1. Cut Spending Back to Bare Essentials
Cutting back your spending may seem like the first step, but many try to skip over this or they do not do it properly. Sit down with your bank statement and see what things you currently spend money on where you could be saving. From packing your lunch to lowering your phone data plan there are many options for you to pinch out a few more pennies.
Every little bit counts, and it will add up overtime. If you want to get rid of your debt for good, then some of these changes need to be lifestyle alterations. You don’t have to have remove all your lives enjoyments. In fact, it is good to reward yourself occasionally. A coffee every Friday morning is going to make less of an impact on your spending than daily coffee and it gives you something to look forward to.
2. Debt Pay Off Apps
Just by doing a google search you will find dozens of online debt payoff planner options. Each option is designed to make paying off debt easier to handle and understand. These apps can provide great visual representations of your debt through interactive charts and tables. They also help you to see the difference your daily money decisions make long term. There are even apps that you can link with your bank account to save your ‘change’.
These work by rounding your card charges up to your chosen amount and then it puts that money into a savings fund for your debts or goals. These planners are all great to help you come up with a plan and stick with it. Some resources are free, but more secure options can require monthly or annual fees. Be sure to choose with a well trusted option to avoid your personal information being compromised.
3. Stop Using Your Credit Cards
Seriously. Stop. It can be extremely hard to change spending habits, but it is the only option. Spending money you don’t technically have is a disaster waiting to happen. Credit lines should be used for emergencies only after you have gone through your savings. They can be important for transactions that need credit approval and for showing you have available credit. However, they are not to be used for shopping sprees or large purchases.
Your credit cards are not your money, they are used to show how you handle borrowed money. It is a good rule of thumb for your credit card is to use less than 30% of your available credit. Credit card companies report your monthly used credit to the credit bureau and the bureau inputs that into your credit score. That means halting use on your credit cards can help you raise your credit score while being financially responsible.
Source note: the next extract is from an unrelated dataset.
(* Let $\mathcal{H}$ be a Hilbert space of finite or countably infinite dimension, let $\Omega$ be a finite set, and let $\mathcal{I}$ and $\mathcal{J}$ be two instruments on $\Omega$ with $\mathcal{I}_\omega(\mathbb{1})=\mathcal{J}_\omega(\mathbb{1})$ for all $\omega\in\Omega$. For $t\in[0,1]$ let $t\mathcal{I}+(1-t)\mathcal{J}$ be the instrument $\omega\mapsto t\mathcal{I}_\omega+(1-t)\mathcal{J}_\omega$. If $\mathrm{sat}(\mathcal{I})=\mathrm{sat}(\mathcal{J})=1$, then $\mathrm{sat}(t\mathcal{I}+(1-t)\mathcal{J})=1$.
   Context: An instrument on a finite set $\Omega$ (Heisenberg picture) is a family $(\mathcal{I}_\omega)_{\omega\in\Omega}$ of normal completely positive maps on $\mathcal{L}(\mathcal{H})$ with $\sum_\omega\mathcal{I}_\omega(\mathbb{1})=\mathbb{1}$. An observable with finite outcome set is a map $\omega\mapsto\mathsf{A}(\omega)$ into positive operators summing to $\mathbb{1}$. For observables $\mathsf{A},\mathsf{B}$ with finite outcome sets, $\mathsf{A}\preceq\mathsf{B}$ means there is $\kappa:\Omega_\mathsf{A}\times\Omega_\mathsf{B}\to[0,1]$ with $\sum_\omega\kappa(\omega|\omega')=1$ for all $\omega'$ and $\mathsf{A}(\omega)=\sum_{\omega'}\kappa(\omega|\omega')\mathsf{B}(\omega')$; $\mathsf{A}\simeq\mathsf{B}$ means both $\mathsf{A}\preceq\mathsf{B}$ and $\mathsf{B}\preceq\mathsf{A}$. For an instrument $\mathcal{I}$ and $n\in\mathbb{N}$, $\mathsf{A}^\mathcal{I}_n$ is the observable on $\Omega^n$ with $\mathsf{A}^\mathcal{I}_n(\omega_1,\ldots,\omega_n)=\mathcal{I}_{\omega_1}\circ\cdots\circ\mathcal{I}_{\omega_n}(\mathbb{1})$. The saturation step $\mathrm{sat}(\mathcal{I})$ is the smallest positive integer $n$ with $\mathsf{A}^\mathcal{I}_n\simeq\mathsf{A}^\mathcal{I}_{n+1}$, and $\mathrm{sat}(\mathcal{I})=\infty$ if no such $n$ exists. *)

theory Defs
  imports Complex_Main "HOL-Library.Extended_Nat"
begin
4. Make Large Payments on Debts with High Interest
This step takes a bit more research and time, but it will reduce the time it takes to pay off your debt drastically. You will need to find a list of all the debts you owe and compare them to see which debt has the highest interest rate. An easy way to gather all your debts and compare them in one place is to obtain a copy of your credit report.
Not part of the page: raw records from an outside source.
(* Assume that the kinetic system $(\Omega, \mathcal R, \mathcal K)$ satisfies the detailed balance property. Let $U \subset \Omega$ and $V := \Omega \setminus U$. Consider the reduced kinetic system $(V, \mathcal R_V, \mathcal K[n_U])$ where $n_U := \{n_s\}_{s \in U}$ with $n_s > 0$ for every $s \in U$. 1. If $U \cap \mathcal D(\mathcal C_V) = \emptyset$, then $(V, \mathcal R_V, \mathcal K[n_U])$ satisfies the detailed balance property. 2. If $U \cap \mathcal D(\mathcal C_V) \neq \emptyset$ and $n_s = e^{-E(s)}$ for all $s \in U \cap \mathcal D(\mathcal C_V)$, for an energy $E \in \mathbb R^N$ of the kinetic system $(\Omega, \mathcal R, \mathcal K)$, then $(V, \mathcal R_V, \mathcal K[n_U])$ satisfies the detailed balance property.
   Context: A chemical network $(\Omega,\mathcal R)$ has substances $\Omega=\{1,\dots,N\}$ and reactions $\mathcal R\subset \mathbb Z^N\setminus\{0\}$; for $R\in\mathcal R$, $I(R)=\{i: R(i)<0\}$, $F(R)=\{i:R(i)>0\}$. It is bidirectional if $R\in\mathcal R$ implies $-R\in\mathcal R$; $\mathcal R_s$ contains one representative of each pair $\{R,-R\}$, and $\textbf{R}\in\mathbb Z^{N\times|\mathcal R_s|}$ is the matrix whose columns are the reactions in $\mathcal R_s$. The space of cycles is $\mathcal C=\ker \textbf{R}$. A kinetic system $(\Omega,\mathcal R,\mathcal K)$ is a bidirectional network with rates $K_R=\mathcal K(R)>0$ (mass action kinetics). It satisfies the detailed balance property if there is $\overline N\in\mathbb R_+^N$ with $K_R\prod_{i\in I(R)}\overline N_i^{-R(i)}=K_{-R}\prod_{i\in F(R)}\overline N_i^{R(i)}$ for all $R\in\mathcal R_s$. An energy of $(\Omega,\mathcal R,\mathcal K)$ is any solution $E\in\mathbb R^N$ of $\textbf{R}^T E=w$, where $w(i)=\log(K_{-R_i}/K_{R_i})$ for the columns $R_i$ of $\textbf{R}$. Reduction: for $U\subset\Omega$ nonempty, $V=\Omega\setminus U$, $\pi_V$ denotes projection onto the coordinates in $V$; the reduced reactions are $\mathcal R_V=\{\pi_V \overline R\neq 0:\overline R\in\mathcal R\}$, with reaction matrix $\textbf{R}_V$ and space of cycles $\mathcal C_V=\ker\textbf{R}_V$; the reduced rates are $\mathcal K[n_U](R)=\sum_{\overline R\in\mathcal R:\ \pi_V\overline R=R} K_{\overline R}\prod_{s\in U\cap I(\overline R)} n_s^{-\overline R(s)}$. Finally $\mathcal D(\mathcal C_V):=\{i\in\Omega: \exists R\in\mathcal R \text{ such that } \pi_V R \text{ belongs to a cycle in } \mathcal C_V \text{ and } R(i)\neq 0\}$. *)

theory Defs
  imports Main "HOL-Analysis.Analysis"
begin
(* Let $\rho$ be a probability measure on $\mathbb R$ with $\int\log(1+x^2)\rho(\mathrm dx)<+\infty$. For each $N\ge1$ let $a_1^{(N)}<\dots<a_N^{(N)}$ be real numbers and $\rho_N=\frac1N\sum_{j=1}^N\delta_{a_j^{(N)}}$, and assume there exists $\eta\in(0,1)$ with $d_{W_\eta}(\rho_N,\rho)\to0$ as $N\to\infty$. Let $(\beta_N)$ be positive with $\beta_N=o(1/N)$, i.e. $c_N:=N\beta_N/2\to0^+$. Let $\rho_N^{(c_N)}$ be the law of the random mean of the Dirichlet process $D_{c_N\rho_N}$. Then $\rho_N^{(c_N)}\to\rho$ weakly as $N\to\infty$.
   Context: For $0<\eta<1$, $d_{W_\eta}(\mu,\nu)=\sup_{h\in\mathcal H_\eta}|\int h\,\mathrm d\mu-\int h\,\mathrm d\nu|$ where $\mathcal H_\eta$ is the set of $h:\mathbb R\to\mathbb R$ with $|h(x)-h(y)|\le\min\{|x-y|,|x-y|^\eta\}$ for all $x,y$. Dirichlet process: for a probability measure $\mu$ and $c>0$, $D_{c\mu}$ is the random probability measure such that for every finite measurable partition $A_1,\dots,A_k$ of $\mathbb R$, $(D_{c\mu}(A_1),\dots,D_{c\mu}(A_k))\sim\mathrm{Dir}_{(c\mu(A_1),\dots,c\mu(A_k))}$; its random mean is $\int x\,D_{c\mu}(\mathrm dx)$. *)

theory Defs
  imports "HOL-Probability.Probability"
begin

definition gamma_density :: "real \<Rightarrow> real \<Rightarrow> real" where
  "gamma_density a x = (if x > 0 then x powr (a - 1) * exp (- x) / Gamma a else 0)"

definition gamma_measure :: "real \<Rightarrow> real measure" where
  "gamma_measure a = (if a > 0 then density lborel (\<lambda>x. ennreal (gamma_density a x))
                      else return borel 0)"

(* Dirichlet distribution Dir_(alpha 0, ..., alpha (k-1)) on vectors indexed by {..<k}:
   law of (G_i / sum_j G_j)_i with G_i independent Gamma(alpha i, 1)
   (components with alpha i = 0 are identically 0). *)
definition dirichlet :: "nat \<Rightarrow> (nat \<Rightarrow> real) \<Rightarrow> (nat \<Rightarrow> real) measure" where
  "dirichlet k \<alpha> =
     distr (PiM {..<k} (\<lambda>i. gamma_measure (\<alpha> i))) (PiM {..<k} (\<lambda>_. borel))
       (\<lambda>g. restrict (\<lambda>i. g i / (\<Sum>j<k. g j)) {..<k})"

definition dirichlet_process ::
  "'a measure \<Rightarrow> ('a \<Rightarrow> real measure) \<Rightarrow> real \<Rightarrow> real measure \<Rightarrow> bool" where
  "dirichlet_process M D c \<mu> \<longleftrightarrow>
     prob_space M \<and> D \<in> measurable M (subprob_algebra borel) \<and>
     (\<forall>\<omega>\<in>space M. prob_space (D \<omega>)) \<and>
     (\<forall>k (A :: nat \<Rightarrow> real set).
        (\<forall>i<k. A i \<in> sets borel) \<and> disjoint_family_on A {..<k} \<and> (\<Union>i<k. A i) = UNIV \<longrightarrow>
        distr M (PiM {..<k} (\<lambda>_. borel)) (\<lambda>\<omega>. restrict (\<lambda>i. measure (D \<omega>) (A i)) {..<k})
          = dirichlet k (\<lambda>i. c * measure \<mu> (A i)))"

definition random_mean_law :: "'a measure \<Rightarrow> ('a \<Rightarrow> real measure) \<Rightarrow> real measure" where
  "random_mean_law M D = distr M borel (\<lambda>\<omega>. \<integral>x. x \<partial>(D \<omega>))"

definition H_eta :: "real \<Rightarrow> (real \<Rightarrow> real) set" where
  "H_eta \<eta> = {h. \<forall>x y. \<bar>h x - h y\<bar> \<le> min \<bar>x - y\<bar> (\<bar>x - y\<bar> powr \<eta>)}"

definition dW :: "real \<Rightarrow> real measure \<Rightarrow> real measure \<Rightarrow> ereal" where
  "dW \<eta> \<mu> \<nu> = (if \<forall>h\<in>H_eta \<eta>. integrable \<mu> h \<and> integrable \<nu> h
                 then (SUP h\<in>H_eta \<eta>. ereal \<bar>(\<integral>x. h x \<partial>\<mu>) - (\<integral>x. h x \<partial>\<nu>)\<bar>)
                 else \<infinity>)"

definition empirical :: "nat \<Rightarrow> (nat \<Rightarrow> real) \<Rightarrow> real measure" where
  "empirical N a = distr (measure_pmf (pmf_of_set {1..N})) borel a"

end

theory Submission
  imports Defs
begin

text \<open>
  On the finite support of \<open>\<rho>\<^sub>N\<close> the Dirichlet process is a random probability vector of weights
  \<open>w\<^sub>j\<close> at the atoms \<open>a\<^sub>j\<close>, and each \<open>w\<^sub>j\<close> is Beta\<open>(c/N, c - c/N)\<close>-distributed, with \<open>c = c\<^sub>N\<close>. Hence
  \<open>E w\<^sub>j = 1/N\<close>, \<open>E w\<^sub>j(1 - w\<^sub>j) = O(c/N)\<close> and \<open>E w\<^sub>j\<^sup>\<eta> = O(1/N)\<close>, the last one uniformly as \<open>c \<rightarrow> 0\<close>
  because \<open>\<Gamma>(s + \<eta>)/\<Gamma>(s) = O(s)\<close> as \<open>s \<rightarrow> 0\<close>.

  For a bounded Lipschitz \<open>\<phi>\<close>, compare \<open>\<phi>(\<Sum>\<^sub>j a\<^sub>j w\<^sub>j)\<close> with \<open>\<Sum>\<^sub>j w\<^sub>j \<phi>(a\<^sub>j)\<close>, whose expectation is
  \<open>\<integral>\<phi> d\<rho>\<^sub>N\<close>: atoms with \<open>|a\<^sub>j| \<le> R\<close> contribute \<open>O(L R w\<^sub>j(1 - w\<^sub>j))\<close>, and the remaining ones
  \<open>O(w\<^sub>j\<^sup>\<eta> |a\<^sub>j|\<^sup>\<eta> + w\<^sub>j)\<close>. Taking expectations, \<open>E \<phi>(\<Sum>\<^sub>j a\<^sub>j w\<^sub>j)\<close> differs from \<open>\<integral>\<phi> d\<rho>\<^sub>N\<close> by at most
  a constant times \<open>\<integral>\<^bsub>|x|>R\<^esub> (1 + |x|\<^sup>\<eta>) d\<rho>\<^sub>N\<close> plus \<open>O(R c\<^sub>N)\<close>. The tail integral is controlled uniformly in \<open>N\<close>
  by testing the \<open>d\<^sub>W\<^sub>\<eta>\<close>-convergence against \<open>max 0 ((1 + |x|)\<^sup>\<eta> - (1 + r)\<^sup>\<eta>) \<in> H\<^sub>\<eta>\<close>, and \<open>c\<^sub>N \<rightarrow> 0\<close>
  removes the second term. Convergence against the piecewise linear functions \<open>cts_step\<close> gives weak
  convergence.
\<close>

section \<open>Gamma integrals\<close>

lemma nn_integral_gamma_kernel:
  fixes s l :: real
  assumes s: "s > 0" and l: "l > 0"
  shows "(\<integral>\<^sup>+y. ennreal (indicator {0<..} y * y powr (s - 1) * exp (- (l * y))) \<partial>lborel)
       = ennreal (Gamma s / l powr s)"
proof -
  let ?F = "\<lambda>t::real. ennreal (indicator {0..} t * t powr (s - 1) / exp t)"
  define I where "I = (\<integral>\<^sup>+y. ennreal (indicator {0<..} y * y powr (s - 1) * exp (- (l * y))) \<partial>lborel)"
  have "ennreal (Gamma s) = (\<integral>\<^sup>+t. ?F t \<partial>lborel)"
    using Gamma_conv_nn_integral_real[OF s] by simp
  also have "\<dots> = ennreal l * (\<integral>\<^sup>+y. ?F (0 + l * y) \<partial>lborel)"
    using l by (subst nn_integral_real_affine[of _ l 0]) auto
  also have "(\<integral>\<^sup>+y. ?F (0 + l * y) \<partial>lborel)
      = (\<integral>\<^sup>+y. ennreal (l powr (s - 1)) * ennreal (indicator {0<..} y * y powr (s - 1) * exp (- (l * y))) \<partial>lborel)"
  proof (intro nn_integral_cong)
    fix y :: real
    show "?F (0 + l * y) = ennreal (l powr (s - 1)) * ennreal (indicator {0<..} y * y powr (s - 1) * exp (- (l * y)))"
      using l by (cases "y > 0")
        (auto simp: ennreal_mult'[symmetric] powr_mult exp_minus field_simps indicator_def zero_le_mult_iff)
  qed
  also have "\<dots> = ennreal (l powr (s - 1)) * I"
    unfolding I_def by (subst nn_integral_cmult) auto
  finally have "ennreal (Gamma s) = ennreal (l * l powr (s - 1)) * I"
    using l by (simp add: ennreal_mult' mult.assoc)
  moreover have "l * l powr (s - 1) = l powr s"
    using l by (simp add: powr_diff)
  ultimately have Gamma_eq: "ennreal (Gamma s) = ennreal (l powr s) * I"
    by simp
  have "I = ennreal (l powr s) * I / ennreal (l powr s)"
    using l by (simp add: ennreal_mult_divide_eq mult.commute)
  also have "\<dots> = ennreal (Gamma s / l powr s)"
    using l Gamma_real_pos[OF s] by (simp add: Gamma_eq[symmetric] divide_ennreal)
  finally show ?thesis
    unfolding I_def .
qed

lemma nn_integral_gamma_kernel_cmult:
  fixes s l C :: real
  assumes s: "s > 0" and l: "l > 0" and C: "C \<ge> 0"
  shows "(\<integral>\<^sup>+y. ennreal (C * (indicator {0<..} y * y powr (s - 1) * exp (- (l * y)))) \<partial>lborel)
       = ennreal (C * Gamma s / l powr s)"
proof -
  have "(\<integral>\<^sup>+y. ennreal (C * (indicator {0<..} y * y powr (s - 1) * exp (- (l * y)))) \<partial>lborel)
      = (\<integral>\<^sup>+y. ennreal C * ennreal (indicator {0<..} y * y powr (s - 1) * exp (- (l * y))) \<partial>lborel)"
    using C by (intro nn_integral_cong) (simp add: ennreal_mult)
  also have "\<dots> = ennreal C * ennreal (Gamma s / l powr s)"
    by (subst nn_integral_cmult) (auto simp: nn_integral_gamma_kernel[OF s l])
  finally show ?thesis
    using C s l Gamma_real_pos[OF s] by (simp add: ennreal_mult[symmetric])
qed

lemma gamma_density_measurable [measurable]: "gamma_density a \<in> borel_measurable borel"
  unfolding gamma_density_def by measurable

lemma gamma_density_nonneg: "a > 0 \<Longrightarrow> gamma_density a x \<ge> 0"
  by (simp add: gamma_density_def Gamma_real_pos)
You can get one credit report yearly for free from several online websites. It will lay out past and currents debts, your rolling credit account (credit cards), car payments and more dependent on your personal situation. Once you figure out the highest interest debt focus large payments on that account until it is paid off and then more on to the second highest interest and so on. Interest really racks up over time and paying large sums to a debt with high interest lowers the amount you owe in interest each month as well as the total debt.
5. Take It One Step at a Time
Finally, just take it day by day… or debt by debt. Pay one debt off and consider it an accomplishment. You can even celebrate your pay off- not by spending more money. Tackling all these accounts may seem like too much to handle but follow the plans listed above you can be on the fast track to becoming debt free. As this process will most likely take years to complete you cannot riddle yourself with stress during the process.
This should be a positive time removing your debt that’s dragging you down- don’t let the payoff process drag you down more. Put a few plans into motion, no matter how small they may seem. If you stick to them your debt could be gone quickly but, keep in mind that these changes you make to your spending need to become life long changes if you expect to stay debt free.